In March, staffers were forced to take a 23 percent pay cut as the COVID-19 pandemic hit the United States, and they now must suffer a downgrade in their health insurance coverage, according to employees interviewed by The Daily Beast, while their job security is increasingly uncertain.
“We’re all feeling pretty terrible right now,” an AMI employee told The Daily Beast. “We’ve all been through a bunch of mergers before and when they talk about ‘duplicated functions’ and ‘synergies,’ I automatically think layoffs. I can’t even fathom what this is going to look like.”
A second employee said: “This means almost no chance of pay being restored to pre-pandemic levels. It seems Pecker is gone and we are all happy about that, but questions remain whether layoffs will come once this new company takes control.”
The nearly 69-year-old Pecker, who during the last presidential campaign weaponized the Enquirer and other AMI publications to help his then-pal Donald Trump and attack Trump’s opponents, has been demoted “effective immediately” to the role of executive adviser, a fancy corporate name for kibitzer.
As federal prosecutors investigated felony violations of campaign finance laws arising from AMI’s payment of $150,000 in 2016 to a former Playboy model to buy the rights to but never publish her claim that she’d had an affair with Trump, Pecker and his sidekick, Australian import Dylan Howard, signed an immunity deal that required them to cooperate with the feds.

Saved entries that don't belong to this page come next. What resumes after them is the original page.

(* Let $\Phi\colon\mathbb X\rightrightarrows\mathbb Y$ have closed graph, $(\bar x,\bar y)\in\operatorname{gph}\Phi$ and $u\in\mathbb S_{\mathbb X}$. If $\Phi$ is quasi-normal in direction $u$ at $(\bar x,\bar y)$ with respect to some orthonormal basis $\{e_1,\dots,e_m\}$ of $\mathbb Y$, then $\Phi$ is strongly asymptotically regular at $(\bar x,\bar y)$ in direction $u$ and metrically subregular at $(\bar x,\bar y)$ in direction $u$.
   Context: $\widehat D^*$ regular coderivative; $D^*\Phi((\bar x,\bar y);(u,v))(y^* )=\{x^*\mid(x^*,-y^* )\in\mathcal N_{\operatorname{gph}\Phi}((\bar x,\bar y);(u,v))\}$ with $\mathcal N_Q(\bar z;w)$ the directional limiting normal cone (all limits of $\eta_k\in\widehat{\mathcal N}_Q(\bar z+t_kw_k)$, $w_k\to w$, $t_k\searrow0$); $\ker\Psi=\{y^*\mid0\in\Psi(y^* )\}$, $\operatorname{Im}\Psi=\bigcup_z\Psi(z)$. Quasi-normality in direction $u$ w.r.t. $\{e_i\}$: there is no nonzero $\lambda\in\ker D^*\Phi((\bar x,\bar y);(u,0))$ for which there exist $\{(x_k,y_k)\}\subset\operatorname{gph}\Phi$ with $x_k\ne\bar x$, $\{\lambda_k\}\subset\mathbb Y$, $\{\eta_k\}\subset\mathbb X$ with $x_k\to\bar x$, $y_k\to\bar y$, $\lambda_k\to\lambda$, $\eta_k\to0$, $(x_k-\bar x)/\|x_k-\bar x\|\to u$, $(y_k-\bar y)/\|x_k-\bar x\|\to0$, $\eta_k\in\widehat D^*\Phi(x_k,y_k)(\lambda_k)$ and $\langle\lambda,e_i\rangle\langle y_k-\bar y,e_i\rangle>0$ whenever $\langle\lambda,e_i\rangle\ne0$. Strong asymptotic regularity in direction $u$: for all $\{(x_k,y_k)\}\subset\operatorname{gph}\Phi$, $\{x_k^*\}$, $\{\lambda_k\}$, $x^*,y^*$ with $x_k\notin\Phi^{-1}(\bar y)$, $y_k\ne\bar y$, $x_k^*\in\widehat D^*\Phi(x_k,y_k)(\lambda_k)$, $x_k\to\bar x$, $y_k\to\bar y$, $x_k^*\to x^*$, $(x_k-\bar x)/\|x_k-\bar x\|\to u$, $(y_k-\bar y)/\|x_k-\bar x\|\to0$, $\|\lambda_k\|\to\infty$, $(y_k-\bar y)/\|y_k-\bar y\|-\lambda_k/\|\lambda_k\|\to0$, $(\|y_k-\bar y\|/\|x_k-\bar x\|)\lambda_k\to y^*$, we have $x^*\in\operatorname{Im}D^*\Phi((\bar x,\bar y);(u,0))$. Metric subregularity in direction $u$: there are $\varepsilon,\delta,\kappa>0$ with $\operatorname{dist}(x,\Phi^{-1}(\bar y))\le\kappa\operatorname{dist}(\bar y,\Phi(x))$ for all $x\in\bar x+\mathbb B_{\varepsilon,\delta}(u)$, where $\mathbb B_{\varepsilon,\delta}(u)=\{v\mid \|\|v\|u-\|u\|v\|\le\delta\|u\|\|v\|,\ \|v\|\le\varepsilon\}$. *)

theory Defs
  imports "HOL-Analysis.Analysis"
begin

text \<open>Set-valued maps \<Phi> : X \<rightrightarrows> Y are modelled as functions 'a \<Rightarrow> 'b set
  between Euclidean spaces; X \<times> Y carries the product inner product.\<close>

definition gph :: "('a \<Rightarrow> 'b set) \<Rightarrow> ('a \<times> 'b) set" where
  "gph \<Phi> = {(x, y). y \<in> \<Phi> x}"

definition preimg :: "('a \<Rightarrow> 'b set) \<Rightarrow> 'b \<Rightarrow> 'a set" where
  "preimg \<Phi> y = {x. y \<in> \<Phi> x}"

definition reg_normal_cone :: "'a::real_inner set \<Rightarrow> 'a \<Rightarrow> 'a set" where
  "reg_normal_cone Q z = {\<eta>. z \<in> Q \<and>
     (\<forall>\<epsilon>>0. \<exists>\<delta>>0. \<forall>z'\<in>Q. norm (z' - z) < \<delta> \<longrightarrow> inner \<eta> (z' - z) \<le> \<epsilon> * norm (z' - z))}"

definition dir_lim_normal_cone :: "'a::real_inner set \<Rightarrow> 'a \<Rightarrow> 'a \<Rightarrow> 'a set" where
  "dir_lim_normal_cone Q z w = {\<eta>. \<exists>t wk \<eta>k.
      (\<forall>k. t k > (0::real)) \<and> t \<longlonglongrightarrow> 0 \<and> wk \<longlonglongrightarrow> w \<and> \<eta>k \<longlonglongrightarrow> \<eta> \<and>
      (\<forall>k. \<eta>k k \<in> reg_normal_cone Q (z + t k *\<^sub>R wk k))}"

definition reg_coderiv ::
  "('a::real_inner \<Rightarrow> 'b::real_inner set) \<Rightarrow> 'a \<Rightarrow> 'b \<Rightarrow> 'b \<Rightarrow> 'a set" where
  "reg_coderiv \<Phi> x y ys = {xs. (xs, - ys) \<in> reg_normal_cone (gph \<Phi>) (x, y)}"

definition dir_coderiv ::
  "('a::real_inner \<Rightarrow> 'b::real_inner set) \<Rightarrow> 'a \<Rightarrow> 'b \<Rightarrow> 'a \<Rightarrow> 'b \<Rightarrow> 'b \<Rightarrow> 'a set" where
  "dir_coderiv \<Phi> x y u v ys = {xs. (xs, - ys) \<in> dir_lim_normal_cone (gph \<Phi>) (x, y) (u, v)}"

definition ker_mm :: "('b \<Rightarrow> 'a::zero set) \<Rightarrow> 'b set" where
  "ker_mm \<Psi> = {ys. 0 \<in> \<Psi> ys}"

definition Im_mm :: "('b \<Rightarrow> 'a set) \<Rightarrow> 'a set" where
  "Im_mm \<Psi> = (\<Union>z. \<Psi> z)"

definition orthonormal_basis :: "'b::euclidean_space set \<Rightarrow> bool" where
  "orthonormal_basis E \<longleftrightarrow> (\<forall>e\<in>E. norm e = 1) \<and> pairwise orthogonal E \<and> span E = UNIV"

definition quasi_normal_dir ::
  "('a::euclidean_space \<Rightarrow> 'b::euclidean_space set) \<Rightarrow> 'a \<Rightarrow> 'b \<Rightarrow> 'a \<Rightarrow> 'b set \<Rightarrow> bool" where
  "quasi_normal_dir \<Phi> xb yb u E \<longleftrightarrow>
     \<not> (\<exists>lm. lm \<noteq> 0 \<and> lm \<in> ker_mm (dir_coderiv \<Phi> xb yb u 0) \<and>
        (\<exists>x y lam \<eta>. (\<forall>k. (x k, y k) \<in> gph \<Phi> \<and> x k \<noteq> xb) \<and>
           x \<longlonglongrightarrow> xb \<and> y \<longlonglongrightarrow> yb \<and> lam \<longlonglongrightarrow> lm \<and> \<eta> \<longlonglongrightarrow> 0 \<and>
           (\<lambda>k. (1 / norm (x k - xb)) *\<^sub>R (x k - xb)) \<longlonglongrightarrow> u \<and>
           (\<lambda>k. (1 / norm (x k - xb)) *\<^sub>R (y k - yb)) \<longlonglongrightarrow> 0 \<and>
           (\<forall>k. \<eta> k \<in> reg_coderiv \<Phi> (x k) (y k) (lam k)) \<and>
           (\<forall>k. \<forall>e\<in>E. inner lm e \<noteq> 0 \<longrightarrow> inner lm e * inner (y k - yb) e > 0)))"

definition strongly_asymp_regular_dir ::
  "('a::euclidean_space \<Rightarrow> 'b::euclidean_space set) \<Rightarrow> 'a \<Rightarrow> 'b \<Rightarrow> 'a \<Rightarrow> bool" where
  "strongly_asymp_regular_dir \<Phi> xb yb u \<longleftrightarrow>
     (\<forall>x y xs lam xst yst.
        (\<forall>k. (x k, y k) \<in> gph \<Phi> \<and> x k \<notin> preimg \<Phi> yb \<and> y k \<noteq> yb \<and>
             xs k \<in> reg_coderiv \<Phi> (x k) (y k) (lam k)) \<and>
        x \<longlonglongrightarrow> xb \<and> y \<longlonglongrightarrow> yb \<and> xs \<longlonglongrightarrow> xst \<and>
        (\<lambda>k. (1 / norm (x k - xb)) *\<^sub>R (x k - xb)) \<longlonglongrightarrow> u \<and>
        (\<lambda>k. (1 / norm (x k - xb)) *\<^sub>R (y k - yb)) \<longlonglongrightarrow> 0 \<and>
        filterlim (\<lambda>k. norm (lam k)) at_top sequentially \<and>
        (\<lambda>k. (1 / norm (y k - yb)) *\<^sub>R (y k - yb) - (1 / norm (lam k)) *\<^sub>R lam k) \<longlonglongrightarrow> 0 \<and>
        (\<lambda>k. (norm (y k - yb) / norm (x k - xb)) *\<^sub>R lam k) \<longlonglongrightarrow> yst
      \<longrightarrow> xst \<in> Im_mm (dir_coderiv \<Phi> xb yb u 0))"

A woman answering the phone at Pecker’s Greenwich, Connecticut, estate on Friday claimed not to know who he is.
“It’s unbelievable. What a grisly end,” one former AMI staffer told The Daily Beast. “It’s a long sad history of mismanagement from the top from somebody who never understood what these magazines were about. Pecker’s so-called friendship with Trump turned out to be the kiss of death.”

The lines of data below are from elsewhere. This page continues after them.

definition C_node :: "real \<Rightarrow> nat \<Rightarrow> nat \<Rightarrow> int \<Rightarrow> real" where
  "C_node \<rho> k M i =
    (if i = -1 then 1
     else if i = 0 then (2 + \<rho> ^ k) / (2 - \<rho> ^ k)
     else if 1 \<le> i \<and> i \<le> int M then poly_l1 (p_eps \<rho> k (eps_i \<rho> i))
     else C_star \<rho> k)"

definition rho_node :: "real \<Rightarrow> nat \<Rightarrow> nat \<Rightarrow> int \<Rightarrow> real" where
  "rho_node \<rho> k M i =
    (if i = -1 then \<rho> ^ k
     else if i = 0 then \<rho> ^ k / (2 - \<rho> ^ k)
     else if 1 \<le> i \<and> i \<le> int M then
       rate_of_beta k (beta_of ((\<rho> + eps_i \<rho> i) / (1 + eps_i \<rho> i)))
     else rho_star \<rho> k)"

definition caa_iter :: "('a \<Rightarrow> 'a) \<Rightarrow> 'a \<Rightarrow> nat \<Rightarrow> 'a" where
  "caa_iter F x0 i = (F ^^ i) x0"

definition caa_feasible :: "nat \<Rightarrow> real \<Rightarrow> (nat \<Rightarrow> real) \<Rightarrow> bool" where
  "caa_feasible k C c \<longleftrightarrow> (\<Sum>i\<le>k. c i) = 1 \<and> (\<Sum>i\<le>k. \<bar>c i\<bar>) \<le> C"

definition caa_resid :: "('a::real_vector \<Rightarrow> 'a) \<Rightarrow> 'a \<Rightarrow> nat \<Rightarrow> (nat \<Rightarrow> real) \<Rightarrow> 'a" where
  "caa_resid F x0 k c = (\<Sum>i\<le>k. c i *\<^sub>R (caa_iter F x0 i - caa_iter F x0 (Suc i)))"

definition caa_output :: "('a::real_normed_vector \<Rightarrow> 'a) \<Rightarrow> nat \<Rightarrow> real \<Rightarrow> 'a \<Rightarrow> 'a \<Rightarrow> bool" where
  "caa_output F k C x0 xe \<longleftrightarrow>
    (\<exists>c. caa_feasible k C c
       \<and> (\<forall>d. caa_feasible k C d \<longrightarrow> norm (caa_resid F x0 k c) \<le> norm (caa_resid F x0 k d))
       \<and> xe = (\<Sum>i\<le>k. c i *\<^sub>R caa_iter F x0 i))"

end

theory Submission
  imports Defs
begin

text \<open>Write F = G + xi and let r_i = x_i - x_(i+1) be the residuals of the iteration. For a
  polynomial p of degree at most k with p(1) = 1 and coefficient l1-norm at most C, the CAA
  residual of the coefficient vector of p is p(G) r_0 up to an error alpha k C |r_0|, and
  |p(G)| is at most the maximum of |p| on [0, rho] because G is symmetric with spectrum in
  [0, rho]. The CAA coefficients minimise the residual, and F(x_e) - x_e differs from minus
  their residual only by the non-affinity of xi, of size at most 2 alpha k C |r_0|; optimising
  over p gives the factor rho_tilde(C) + 3 alpha k C.
  For the second bound, explicit polynomials are admissible at the nodes C_i (X^k, a shifted
  X^k and rescaled Chebyshev polynomials), and convex combinations of admissible polynomials
  are admissible with interpolated l1-norm and bound, so rho_tilde(C) lies below the linear
  interpolation between the two nodes enclosing C, and below rho_star beyond the last node.\<close>

section \<open>Polynomials in a self-adjoint map\<close>

lemma linear_funpow:
  fixes g :: "'a::real_vector \<Rightarrow> 'a"
  shows "linear g \<Longrightarrow> linear (g ^^ n)"
  by (induction n) (simp_all add: linear_compose linear_id)

definition poly_map :: "real poly \<Rightarrow> ('a::real_vector \<Rightarrow> 'a) \<Rightarrow> 'a \<Rightarrow> 'a" where
  "poly_map p g v = (\<Sum>i\<le>degree p. coeff p i *\<^sub>R (g ^^ i) v)"

lemma poly_map_eq_sum_upto:
  "degree p \<le> n \<Longrightarrow> poly_map p g v = (\<Sum>i\<le>n. coeff p i *\<^sub>R (g ^^ i) v)"
  unfolding poly_map_def by (intro sum.mono_neutral_left) (auto simp: coeff_eq_0)

lemma linear_poly_map: "linear g \<Longrightarrow> linear (poly_map p g)"
  unfolding poly_map_def[abs_def]
  by (intro linear_compose_sum ballI module_hom_scale linear_funpow)

lemma poly_map_eigenvector:
  assumes "linear g" "g e = \<mu> *\<^sub>R e"
  shows "poly_map p g e = poly p \<mu> *\<^sub>R e"
proof -
  have "(g ^^ i) e = \<mu> ^ i *\<^sub>R e" for i
    by (induction i) (simp_all add: assms linear_scale)
  then show ?thesis
    unfolding poly_map_def poly_altdef scaleR_sum_left by simp
qed

lemma poly_map_in_invariant_subspace:
  assumes "subspace S" "g ` S \<subseteq> S" "v \<in> S"
  shows "poly_map p g v \<in> S"
proof -
  have "(g ^^ i) v \<in> S" for i
    by (induction i) (use assms in auto)
  then show ?thesis
    unfolding poly_map_def using assms(1) by (intro subspace_sum subspace_scale) auto
qed

lemma linear_coeff_eq_0_if_quadratic_nonpos:
  fixes a b :: real
  assumes "\<And>t. 2 * t * a + t\<^sup>2 * b \<le> 0"
  shows "a = 0"
proof (rule ccontr)
  assume "a \<noteq> 0"
  define t where "t = a / (1 + \<bar>b\<bar>)"
  have "t \<noteq> 0" using \<open>a \<noteq> 0\<close> by (simp add: t_def add_pos_nonneg)
  have "2 * t * a = 2 * t\<^sup>2 * (1 + \<bar>b\<bar>)"
    by (simp add: t_def power2_eq_square add_pos_nonneg)
  moreover have "t\<^sup>2 * (- \<bar>b\<bar>) \<le> t\<^sup>2 * b" by (intro mult_left_mono) auto
  moreover have "0 < t\<^sup>2 * (2 + \<bar>b\<bar>)" using \<open>t \<noteq> 0\<close> by simp
  ultimately show False using assms[of t] by (simp add: algebra_simps)
qed

lemma self_adjoint_quadratic_form_expand:
  fixes g :: "'a::real_inner \<Rightarrow> 'a"
  assumes lin: "linear g" and sym: "\<And>x y. g x \<bullet> y = x \<bullet> g y"
  shows "(e + t *\<^sub>R h) \<bullet> g (e + t *\<^sub>R h) - \<mu> * ((e + t *\<^sub>R h) \<bullet> (e + t *\<^sub>R h))
    = (e \<bullet> g e - \<mu> * (e \<bullet> e)) + 2 * t * (h \<bullet> (g e - \<mu> *\<^sub>R e)) + t\<^sup>2 * (h \<bullet> g h - \<mu> * (h \<bullet> h))"
proof -
  have "e \<bullet> g h = h \<bullet> g e" using sym[of e h] by (simp add: inner_commute)
  moreover have "h \<bullet> e = e \<bullet> h" by (rule inner_commute)
  ultimately show ?thesis
    by (simp add: linear_add[OF lin] linear_scale[OF lin] inner_add_left inner_add_right
        inner_diff_right power2_eq_square algebra_simps)
qed

text \<open>A maximiser of the quadratic form on the unit sphere of an invariant subspace is an
  eigenvector: perturbing it within the subspace cannot increase the Rayleigh quotient, so the
  first-order term of the perturbation vanishes.\<close>
lemma self_adjoint_eigenvector_in_subspace:
  fixes g :: "'a::euclidean_space \<Rightarrow> 'a"
  assumes lin: "linear g" and sym: "\<And>x y. g x \<bullet> y = x \<bullet> g y"
    and S: "subspace S" "g ` S \<subseteq> S" and x: "x \<in> S" "x \<noteq> 0"
  shows "\<exists>e \<mu>. e \<in> S \<and> norm e = 1 \<and> g e = \<mu> *\<^sub>R e"
proof -
  define K where "K = S \<inter> sphere 0 1"
  have "compact K"
    unfolding K_def using S(1) closed_subspace compact_sphere by (blast intro: closed_Int_compact)
  moreover have "x /\<^sub>R norm x \<in> K"
    using x S(1) by (auto simp: K_def subspace_scale)
  moreover have "continuous_on K (\<lambda>y. y \<bullet> g y)"
    using lin by (intro continuous_on_inner continuous_on_id linear_continuous_on)
      (simp add: linear_conv_bounded_linear)
  ultimately obtain e where eK: "e \<in> K" and emax: "\<And>y. y \<in> K \<Longrightarrow> y \<bullet> g y \<le> e \<bullet> g e"
    using continuous_attains_sup by (metis empty_iff)
  define \<mu> where "\<mu> = e \<bullet> g e"
  have eS: "e \<in> S" and ee: "e \<bullet> e = 1"
    using eK by (auto simp: K_def dot_square_norm)
  have rayleigh: "y \<bullet> g y \<le> \<mu> * (y \<bullet> y)" if "y \<in> S" for y
  proof (cases "y = 0")
    case False
    have "y /\<^sub>R norm y \<in> K" using that S(1) False by (auto simp: K_def subspace_scale)
    then have "(y /\<^sub>R norm y) \<bullet> g (y /\<^sub>R norm y) \<le> \<mu>" using emax \<mu>_def by blast
    then show ?thesis
      using False by (simp add: linear_scale[OF lin] field_simps dot_square_norm power2_eq_square)
  qed (simp add: linear_0[OF lin])
  define h where "h = g e - \<mu> *\<^sub>R e"
  have hS: "h \<in> S" using S eS by (simp add: h_def subspace_diff subspace_scale image_subset_iff)
  have "2 * t * (h \<bullet> h) + t\<^sup>2 * (h \<bullet> g h - \<mu> * (h \<bullet> h)) \<le> 0" for t
  proof -
    have "e + t *\<^sub>R h \<in> S" using S(1) eS hS by (simp add: subspace_add subspace_scale)
    then have "(e + t *\<^sub>R h) \<bullet> g (e + t *\<^sub>R h) - \<mu> * ((e + t *\<^sub>R h) \<bullet> (e + t *\<^sub>R h)) \<le> 0"
      using rayleigh by fastforce
    moreover have "e \<bullet> g e - \<mu> * (e \<bullet> e) = 0" using ee by (simp add: \<mu>_def)
    ultimately show ?thesis
      using self_adjoint_quadratic_form_expand[OF lin sym, of e t h \<mu>] by (simp add: h_def)
  qed
  then have "h \<bullet> h = 0" by (rule linear_coeff_eq_0_if_quadratic_nonpos)
  then have "g e = \<mu> *\<^sub>R e" by (simp add: h_def)
  with eS eK show ?thesis by (auto simp: K_def)
qed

The press release—which doesn’t note that Chatham Asset Management, the hedge fund that owns AMI, also holds a substantial stake in Accelerate360—touts such AMI titles as Us Weekly, Life & Style, OK!, and Men’s Journal, but doesn’t even mention the Enquirer.
In April 2019, AMI had announced with great fanfare that Hudson News owner Jimmy Cohen had agreed to purchase the Enquirer for $100 million—a claim that was greeted with widespread skepticism by media observers and now turns out to be untrue.
The press release’s omission of the storied supermarket tabloid, which has seen newsstand sales plummet from over four million copies weekly before Pecker acquired it two decades ago to around 100,000 now, has prompted observers to question whether the new company—after the Oct. 1 merger—plans to continue publishing the once-influential Enquirer founded by the larger-than-life Generoso Pope Jr.
“I have been saddened over the last 20 years by the ever-increasing downward trajectory of the National Enquirer in both editorial and sales,” former Enquirer Editor-in-Chief and President Iain Calder emailed The Daily Beast in reaction to Friday’s news. “Frankly, the leadership did not understand the unique qualities that helped us sell up to 5 million copies a week in the three decades before it changed hands around the year 2000.”
Calder added: “If the new owners know how to recapture some of the past circulation secrets, I will be extremely happy. If not then c’est la vie. I just know I was proud of a publication that once caught the attention of all North America and made 25 million readers a little happier every week.”